Action item: Read each of the lines below and tally those with "assms"; the tally is the whole answer.

Dataset items:
(* Let $(\mathcal{B}_1,\mathcal{B}_0)$ be a Rota-Baxter operator on a crossed module of Lie groups $(H,G,t,\Phi)$ and let $\mathcal{C}$ be the small category associated with $(H,G,t,\Phi)$. Define $\mathcal{B}:G\times H\to G\times H$ by $$\mathcal{B}(a,p)=\Big(\mathcal{B}_0(a),\ \Phi(\mathcal{B}_0(a))\,\mathcal{B}_1\big(\Phi(\mathcal{B}_0(a)^{-1}a^{-1})p\big)\Big).$$ Then $F=(\mathcal{B},\mathcal{B}_0)$, acting by $\mathcal{B}_0$ on objects and by $\mathcal{B}$ on morphisms, is a functor from $\mathcal{C}$ to $\mathcal{C}$.
   Context: A crossed module of Lie groups is a quadruple $(H,G,t,\Phi)$ where $H,G$ are Lie groups, $t:H\to G$ is a Lie group homomorphism and $\Phi:G\to\mathrm{Aut}(H)$ is a smooth action of $G$ on $H$ by automorphisms such that $\Phi(t(p))q=pqp^{-1}$ and $t(\Phi(a)p)=a\,t(p)\,a^{-1}$ for all $p,q\in H$, $a\in G$. A Rota-Baxter operator on a Lie group $G$ is a smooth map $\mathcal{B}:G\to G$ with $\mathcal{B}(a)\mathcal{B}(b)=\mathcal{B}(a\mathcal{B}(a)b\mathcal{B}(a)^{-1})$ for all $a,b\in G$. A Rota-Baxter operator on a crossed module of Lie groups $(H,G,t,\Phi)$ is a pair $(\mathcal{B}_1,\mathcal{B}_0)$ of smooth maps $\mathcal{B}_1:H\to H$, $\mathcal{B}_0:G\to G$ such that (i) $\mathcal{B}_1,\mathcal{B}_0$ are Rota-Baxter operators on $H$, $G$; (ii) $t\circ\mathcal{B}_1=\mathcal{B}_0\circ t$; (iii) $\Phi(\mathcal{B}_0(a))\mathcal{B}_1(p)=\mathcal{B}_1\big(\Phi(a\mathcal{B}_0(a))(p\mathcal{B}_1(p))\cdot\Phi(\mathcal{B}_0(a))\mathcal{B}_1(p)^{-1}\big)$ for all $a\in G,p\in H$. The small category $\mathcal{C}$ associated with $(H,G,t,\Phi)$: objects $\mathcal{C}_0=G$, morphisms $\mathcal{C}_1=G\times H$, source $\mathfrak{s}(a,p)=a$, target $\mathfrak{t}(a,p)=t(p)a$, composition $(a,p)\circ(b,q)=(b,pq)$ whenever $t(q)b=a$, identities $1_a=(a,e_H)$. *)

theory Defs
  imports "HOL-Algebra.Group"
begin

definition crossed_module ::
  "('h, 'x) monoid_scheme \<Rightarrow> ('g, 'y) monoid_scheme \<Rightarrow> ('h \<Rightarrow> 'g) \<Rightarrow> ('g \<Rightarrow> 'h \<Rightarrow> 'h) \<Rightarrow> bool"
where
  "crossed_module H G t \<Phi> \<longleftrightarrow>
     group H \<and> group G \<and> t \<in> hom H G \<and>
     (\<forall>a\<in>carrier G. \<Phi> a \<in> iso H H) \<and>
     (\<forall>p\<in>carrier H. \<Phi> \<one>\<^bsub>G\<^esub> p = p) \<and>
     (\<forall>a\<in>carrier G. \<forall>b\<in>carrier G. \<forall>p\<in>carrier H. \<Phi> (a \<otimes>\<^bsub>G\<^esub> b) p = \<Phi> a (\<Phi> b p)) \<and>
     (\<forall>p\<in>carrier H. \<forall>q\<in>carrier H. \<Phi> (t p) q = p \<otimes>\<^bsub>H\<^esub> q \<otimes>\<^bsub>H\<^esub> inv\<^bsub>H\<^esub> p) \<and>
     (\<forall>a\<in>carrier G. \<forall>p\<in>carrier H. t (\<Phi> a p) = a \<otimes>\<^bsub>G\<^esub> t p \<otimes>\<^bsub>G\<^esub> inv\<^bsub>G\<^esub> a)"

definition rota_baxter :: "('g, 'y) monoid_scheme \<Rightarrow> ('g \<Rightarrow> 'g) \<Rightarrow> bool" where
  "rota_baxter G B \<longleftrightarrow>
     (\<forall>a\<in>carrier G. B a \<in> carrier G) \<and>
     (\<forall>a\<in>carrier G. \<forall>b\<in>carrier G.
        B a \<otimes>\<^bsub>G\<^esub> B b = B (a \<otimes>\<^bsub>G\<^esub> B a \<otimes>\<^bsub>G\<^esub> b \<otimes>\<^bsub>G\<^esub> inv\<^bsub>G\<^esub> (B a)))"

definition rota_baxter_cm ::
  "('h, 'x) monoid_scheme \<Rightarrow> ('g, 'y) monoid_scheme \<Rightarrow> ('h \<Rightarrow> 'g) \<Rightarrow> ('g \<Rightarrow> 'h \<Rightarrow> 'h)
    \<Rightarrow> ('h \<Rightarrow> 'h) \<Rightarrow> ('g \<Rightarrow> 'g) \<Rightarrow> bool"
where
  "rota_baxter_cm H G t \<Phi> B1 B0 \<longleftrightarrow>
     rota_baxter H B1 \<and> rota_baxter G B0 \<and>
     (\<forall>p\<in>carrier H. t (B1 p) = B0 (t p)) \<and>
     (\<forall>a\<in>carrier G. \<forall>p\<in>carrier H.
        \<Phi> (B0 a) (B1 p) =
        B1 (\<Phi> (a \<otimes>\<^bsub>G\<^esub> B0 a) (p \<otimes>\<^bsub>H\<^esub> B1 p) \<otimes>\<^bsub>H\<^esub> inv\<^bsub>H\<^esub> (\<Phi> (B0 a) (B1 p))))"

(* Small categories, given by objects, morphisms, source, target, composition
   ("comp g f" = g \<circ> f, defined when target f = source g) and identities. *)
record ('o, 'm) small_cat =
  Obj :: "'o set"
  Mor :: "'m set"
  src :: "'m \<Rightarrow> 'o"
  tgt :: "'m \<Rightarrow> 'o"
  comp :: "'m \<Rightarrow> 'm \<Rightarrow> 'm"
  ident :: "'o \<Rightarrow> 'm"

definition is_functor ::
  "('o, 'm) small_cat \<Rightarrow> ('o2, 'm2) small_cat \<Rightarrow> ('o \<Rightarrow> 'o2) \<Rightarrow> ('m \<Rightarrow> 'm2) \<Rightarrow> bool"
where
  "is_functor C D F0 F1 \<longleftrightarrow>
     (\<forall>x\<in>Obj C. F0 x \<in> Obj D) \<and>
     (\<forall>f\<in>Mor C. F1 f \<in> Mor D) \<and>
     (\<forall>f\<in>Mor C. src D (F1 f) = F0 (src C f) \<and> tgt D (F1 f) = F0 (tgt C f)) \<and>
     (\<forall>f\<in>Mor C. \<forall>g\<in>Mor C. tgt C f = src C g \<longrightarrow>
        F1 (comp C g f) = comp D (F1 g) (F1 f)) \<and>
     (\<forall>x\<in>Obj C. F1 (ident C x) = ident D (F0 x))"

definition assoc_cat ::
  "('h, 'x) monoid_scheme \<Rightarrow> ('g, 'y) monoid_scheme \<Rightarrow> ('h \<Rightarrow> 'g) \<Rightarrow> ('g, 'g \<times> 'h) small_cat"
where
  "assoc_cat H G t =
     \<lparr> Obj = carrier G,
       Mor = carrier G \<times> carrier H,
       src = (\<lambda>(a, p). a),
       tgt = (\<lambda>(a, p). t p \<otimes>\<^bsub>G\<^esub> a),
       comp = (\<lambda>(a, p) (b, q). (b, p \<otimes>\<^bsub>H\<^esub> q)),
       ident = (\<lambda>a. (a, \<one>\<^bsub>H\<^esub>)) \<rparr>"

definition cm_B ::
  "('h, 'x) monoid_scheme \<Rightarrow> ('g, 'y) monoid_scheme \<Rightarrow> ('g \<Rightarrow> 'h \<Rightarrow> 'h)
    \<Rightarrow> ('h \<Rightarrow> 'h) \<Rightarrow> ('g \<Rightarrow> 'g) \<Rightarrow> 'g \<times> 'h \<Rightarrow> 'g \<times> 'h"
where
  "cm_B H G \<Phi> B1 B0 = (\<lambda>(a, p).
     (B0 a, \<Phi> (B0 a) (B1 (\<Phi> (inv\<^bsub>G\<^esub> (B0 a) \<otimes>\<^bsub>G\<^esub> inv\<^bsub>G\<^esub> a) p))))"

end

theory Submission
  imports Defs
begin

(*
  On objects F is B0, so everything reduces to identities for the H-component
  B'(a, p) = Phi (B0 a) (B1 (Phi (twist a) p)), where twist a = (B0 a)^-1 a^-1. They all come from
  one consequence of the Rota-Baxter identity for B0:
      B0 a * B0 (twist a * g * (twist a)^-1) = B0 (g * a).
  Since t is Phi-equivariant, t (Phi (twist a) p) is such a conjugate, which gives compatibility
  with targets. For composable (a, p), (b, q), i.e. a = t q * b, the same identity splits B0 a
  as B0 b * B0 (t y) with y = Phi (twist b) q; the Rota-Baxter identity for B1, the relation
  t o B1 = B0 o t and the Peiffer identity Phi (t y) = conjugation by y then turn
  B'(a, p) * B'(b, q) into B'(b, p * q).
*)

lemma (in group) mult_inv_cancel_left:
  "x \<in> carrier G \<Longrightarrow> y \<in> carrier G \<Longrightarrow> x \<otimes> (inv x \<otimes> y) = y"
  by (simp flip: m_assoc)

lemma (in group) inv_mult_cancel_left:
  "x \<in> carrier G \<Longrightarrow> y \<in> carrier G \<Longrightarrow> inv x \<otimes> (x \<otimes> y) = y"
  by (simp flip: m_assoc)

lemma (in group) rota_baxter_one:
  assumes "rota_baxter G B"
  shows "B \<one> = \<one>"
proof -
  have B_closed: "B \<one> \<in> carrier G" and "B \<one> \<otimes> B \<one> = B (\<one> \<otimes> B \<one> \<otimes> \<one> \<otimes> inv (B \<one>))"
    using assms unfolding rota_baxter_def by auto
  then have "B \<one> \<otimes> B \<one> = B \<one>"
    by (simp add: m_assoc)
  with B_closed show ?thesis
    by simp
qed

lemma (in group) rota_baxter_mult_conj:
  assumes "rota_baxter G B" and a: "a \<in> carrier G" and g: "g \<in> carrier G"
  shows "B a \<otimes> B (inv (B a) \<otimes> inv a \<otimes> g \<otimes> a \<otimes> B a) = B (g \<otimes> a)"
proof -
  have Ba: "B a \<in> carrier G"
    using assms unfolding rota_baxter_def by auto
  then have "a \<otimes> B a \<otimes> (inv (B a) \<otimes> inv a \<otimes> g \<otimes> a \<otimes> B a) \<otimes> inv (B a) = g \<otimes> a"
    using a g by (simp add: m_assoc mult_inv_cancel_left)
  then show ?thesis
    using assms Ba unfolding rota_baxter_def by (metis inv_closed m_closed)
qed

locale crossed_module_rota_baxter =
  fixes H :: "('h, 'x) monoid_scheme" and G :: "('g, 'y) monoid_scheme"
    and t :: "'h \<Rightarrow> 'g" and \<Phi> :: "'g \<Rightarrow> 'h \<Rightarrow> 'h"
    and B1 :: "'h \<Rightarrow> 'h" and B0 :: "'g \<Rightarrow> 'g"
  assumes crossed_module: "crossed_module H G t \<Phi>"
    and rota_baxter_H: "rota_baxter H B1"
    and rota_baxter_G: "rota_baxter G B0"
    and t_B1: "p \<in> carrier H \<Longrightarrow> t (B1 p) = B0 (t p)"
begin

sublocale H: group H
  using crossed_module unfolding crossed_module_def by simp

sublocale G: group G
  using crossed_module unfolding crossed_module_def by simp

sublocale t: group_hom H G t
  using crossed_module unfolding crossed_module_def by unfold_locales simp

lemma group_hom_Phi: "a \<in> carrier G \<Longrightarrow> group_hom H H (\<Phi> a)"
  using crossed_module unfolding crossed_module_def iso_def by unfold_locales auto

lemma Phi_closed [simp]: "a \<in> carrier G \<Longrightarrow> p \<in> carrier H \<Longrightarrow> \<Phi> a p \<in> carrier H"
  using group_hom.hom_closed[OF group_hom_Phi] .

lemma Phi_mult:
  "a \<in> carrier G \<Longrightarrow> p \<in> carrier H \<Longrightarrow> q \<in> carrier H \<Longrightarrow>
    \<Phi> a (p \<otimes>\<^bsub>H\<^esub> q) = \<Phi> a p \<otimes>\<^bsub>H\<^esub> \<Phi> a q"
  using group_hom.hom_mult[OF group_hom_Phi] .

lemma Phi_one: "a \<in> carrier G \<Longrightarrow> \<Phi> a \<one>\<^bsub>H\<^esub> = \<one>\<^bsub>H\<^esub>"
  using group_hom.hom_one[OF group_hom_Phi] .

lemma Phi_mult_action:
  "a \<in> carrier G \<Longrightarrow> b \<in> carrier G \<Longrightarrow> p \<in> carrier H \<Longrightarrow> \<Phi> (a \<otimes>\<^bsub>G\<^esub> b) p = \<Phi> a (\<Phi> b p)"
  using crossed_module unfolding crossed_module_def by simp

lemma Phi_t:
  "p \<in> carrier H \<Longrightarrow> q \<in> carrier H \<Longrightarrow> \<Phi> (t p) q = p \<otimes>\<^bsub>H\<^esub> q \<otimes>\<^bsub>H\<^esub> inv\<^bsub>H\<^esub> p"
  using crossed_module unfolding crossed_module_def by simp

lemma t_Phi:
  "a \<in> carrier G \<Longrightarrow> p \<in> carrier H \<Longrightarrow> t (\<Phi> a p) = a \<otimes>\<^bsub>G\<^esub> t p \<otimes>\<^bsub>G\<^esub> inv\<^bsub>G\<^esub> a"
  using crossed_module unfolding crossed_module_def by simp

lemma B0_closed [simp]: "a \<in> carrier G \<Longrightarrow> B0 a \<in> carrier G"
  using rota_baxter_G unfolding rota_baxter_def by simp

lemma B1_closed [simp]: "p \<in> carrier H \<Longrightarrow> B1 p \<in> carrier H"
  using rota_baxter_H unfolding rota_baxter_def by simp

lemma B1_mult:
  "p \<in> carrier H \<Longrightarrow> q \<in> carrier H \<Longrightarrow>
    B1 p \<otimes>\<^bsub>H\<^esub> B1 q = B1 (p \<otimes>\<^bsub>H\<^esub> B1 p \<otimes>\<^bsub>H\<^esub> q \<otimes>\<^bsub>H\<^esub> inv\<^bsub>H\<^esub> (B1 p))"
  using rota_baxter_H unfolding rota_baxter_def by simp

definition twist :: "'g \<Rightarrow> 'g" where
  "twist a = inv\<^bsub>G\<^esub> (B0 a) \<otimes>\<^bsub>G\<^esub> inv\<^bsub>G\<^esub> a"

definition cm_B_snd :: "'g \<Rightarrow> 'h \<Rightarrow> 'h" where
  "cm_B_snd a p = \<Phi> (B0 a) (B1 (\<Phi> (twist a) p))"

lemma cm_B_apply: "cm_B H G \<Phi> B1 B0 (a, p) = (B0 a, cm_B_snd a p)"
  by (simp add: cm_B_def cm_B_snd_def twist_def)

lemma twist_closed [simp]: "a \<in> carrier G \<Longrightarrow> twist a \<in> carrier G"
  by (simp add: twist_def)

lemma cm_B_snd_closed: "a \<in> carrier G \<Longrightarrow> p \<in> carrier H \<Longrightarrow> cm_B_snd a p \<in> carrier H"
  by (simp add: cm_B_snd_def)

lemma B0_mult_twist:
  assumes "a \<in> carrier G" and "p \<in> carrier H"
  shows "B0 a \<otimes>\<^bsub>G\<^esub> B0 (t (\<Phi> (twist a) p)) = B0 (t p \<otimes>\<^bsub>G\<^esub> a)"
  using G.rota_baxter_mult_conj[OF rota_baxter_G, of a "t p"] assms
  by (simp add: t_Phi twist_def G.m_assoc G.inv_mult_group)

lemma cm_B_snd_one: "a \<in> carrier G \<Longrightarrow> cm_B_snd a \<one>\<^bsub>H\<^esub> = \<one>\<^bsub>H\<^esub>"
  by (simp add: cm_B_snd_def Phi_one H.rota_baxter_one[OF rota_baxter_H])

lemma t_cm_B_snd:
  assumes "a \<in> carrier G" and "p \<in> carrier H"
  shows "t (cm_B_snd a p) \<otimes>\<^bsub>G\<^esub> B0 a = B0 (t p \<otimes>\<^bsub>G\<^esub> a)"
  using assms B0_mult_twist[OF assms]
  by (simp add: cm_B_snd_def t_Phi t_B1 G.m_assoc G.inv_mult_cancel_left)

lemma cm_B_snd_mult:
  assumes b: "b \<in> carrier G" and p: "p \<in> carrier H" and q: "q \<in> carrier H"
  defines "a \<equiv> t q \<otimes>\<^bsub>G\<^esub> b"
  shows "cm_B_snd b (p \<otimes>\<^bsub>H\<^esub> q) = cm_B_snd a p \<otimes>\<^bsub>H\<^esub> cm_B_snd b q"
proof -
  define x where "x = \<Phi> (twist a) p"
  define y where "y = \<Phi> (twist b) q"
  have a: "a \<in> carrier G" and x: "x \<in> carrier H" and y: "y \<in> carrier H"
    using b p q by (simp_all add: a_def x_def y_def)
  have Bty: "B0 (t y) \<in> carrier G"
    using y by simp
  have B0_a: "B0 a = B0 b \<otimes>\<^bsub>G\<^esub> B0 (t y)"
    using B0_mult_twist[OF b q] by (simp add: a_def y_def)
  have twist_a: "B0 (t y) \<otimes>\<^bsub>G\<^esub> twist a = twist b \<otimes>\<^bsub>G\<^esub> t (inv\<^bsub>H\<^esub> q)"
  proof -
    have "B0 (t y) = inv\<^bsub>G\<^esub> (B0 b) \<otimes>\<^bsub>G\<^esub> B0 a"
      using B0_a b Bty by (simp add: G.inv_mult_cancel_left)
    then show ?thesis
      using a b q by (simp add: a_def twist_def G.m_assoc G.inv_mult_group G.mult_inv_cancel_left)
  qed
  have "\<Phi> (B0 (t y)) x = \<Phi> (twist b) (\<Phi> (t (inv\<^bsub>H\<^esub> q)) p)"
    using a b p q Bty by (simp add: x_def twist_a flip: Phi_mult_action)
  also have "\<Phi> (t (inv\<^bsub>H\<^esub> q)) p = inv\<^bsub>H\<^esub> q \<otimes>\<^bsub>H\<^esub> p \<otimes>\<^bsub>H\<^esub> q"
    using p q Phi_t[of "inv\<^bsub>H\<^esub> q" p] by simp
  finally have Phi_twist_mult: "y \<otimes>\<^bsub>H\<^esub> \<Phi> (B0 (t y)) x = \<Phi> (twist b) (p \<otimes>\<^bsub>H\<^esub> q)"
    using b p q by (simp add: y_def H.m_assoc H.mult_inv_cancel_left flip: Phi_mult)
  have "cm_B_snd a p = \<Phi> (B0 b) (B1 y \<otimes>\<^bsub>H\<^esub> B1 x \<otimes>\<^bsub>H\<^esub> inv\<^bsub>H\<^esub> B1 y)"
    using b x y Bty by (simp add: cm_B_snd_def B0_a Phi_mult_action Phi_t flip: x_def t_B1)
  then have "cm_B_snd a p \<otimes>\<^bsub>H\<^esub> cm_B_snd b q = \<Phi> (B0 b) (B1 y \<otimes>\<^bsub>H\<^esub> B1 x)"
    using b x y by (simp add: cm_B_snd_def H.m_assoc flip: y_def Phi_mult)
  also have "B1 y \<otimes>\<^bsub>H\<^esub> B1 x = B1 (y \<otimes>\<^bsub>H\<^esub> \<Phi> (B0 (t y)) x)"
    using x y by (simp add: B1_mult Phi_t H.m_assoc flip: t_B1)
  finally show ?thesis
    by (simp add: cm_B_snd_def Phi_twist_mult)
qed

theorem is_functor_cm_B: "is_functor (assoc_cat H G t) (assoc_cat H G t) B0 (cm_B H G \<Phi> B1 B0)"
  unfolding is_functor_def assoc_cat_def
  by (auto simp: cm_B_apply cm_B_snd_closed t_cm_B_snd cm_B_snd_mult cm_B_snd_one)

end

theorem mainTheorem6:
  assumes "crossed_module H G t \<Phi>"
    and "rota_baxter_cm H G t \<Phi> B1 B0"
  shows "is_functor (assoc_cat H G t) (assoc_cat H G t) B0 (cm_B H G \<Phi> B1 B0)"
proof -
  interpret crossed_module_rota_baxter H G t \<Phi> B1 B0
    using assms unfolding rota_baxter_cm_def by unfold_locales auto
  show ?thesis
    by (rule is_functor_cm_B)
qed

end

Written response: 6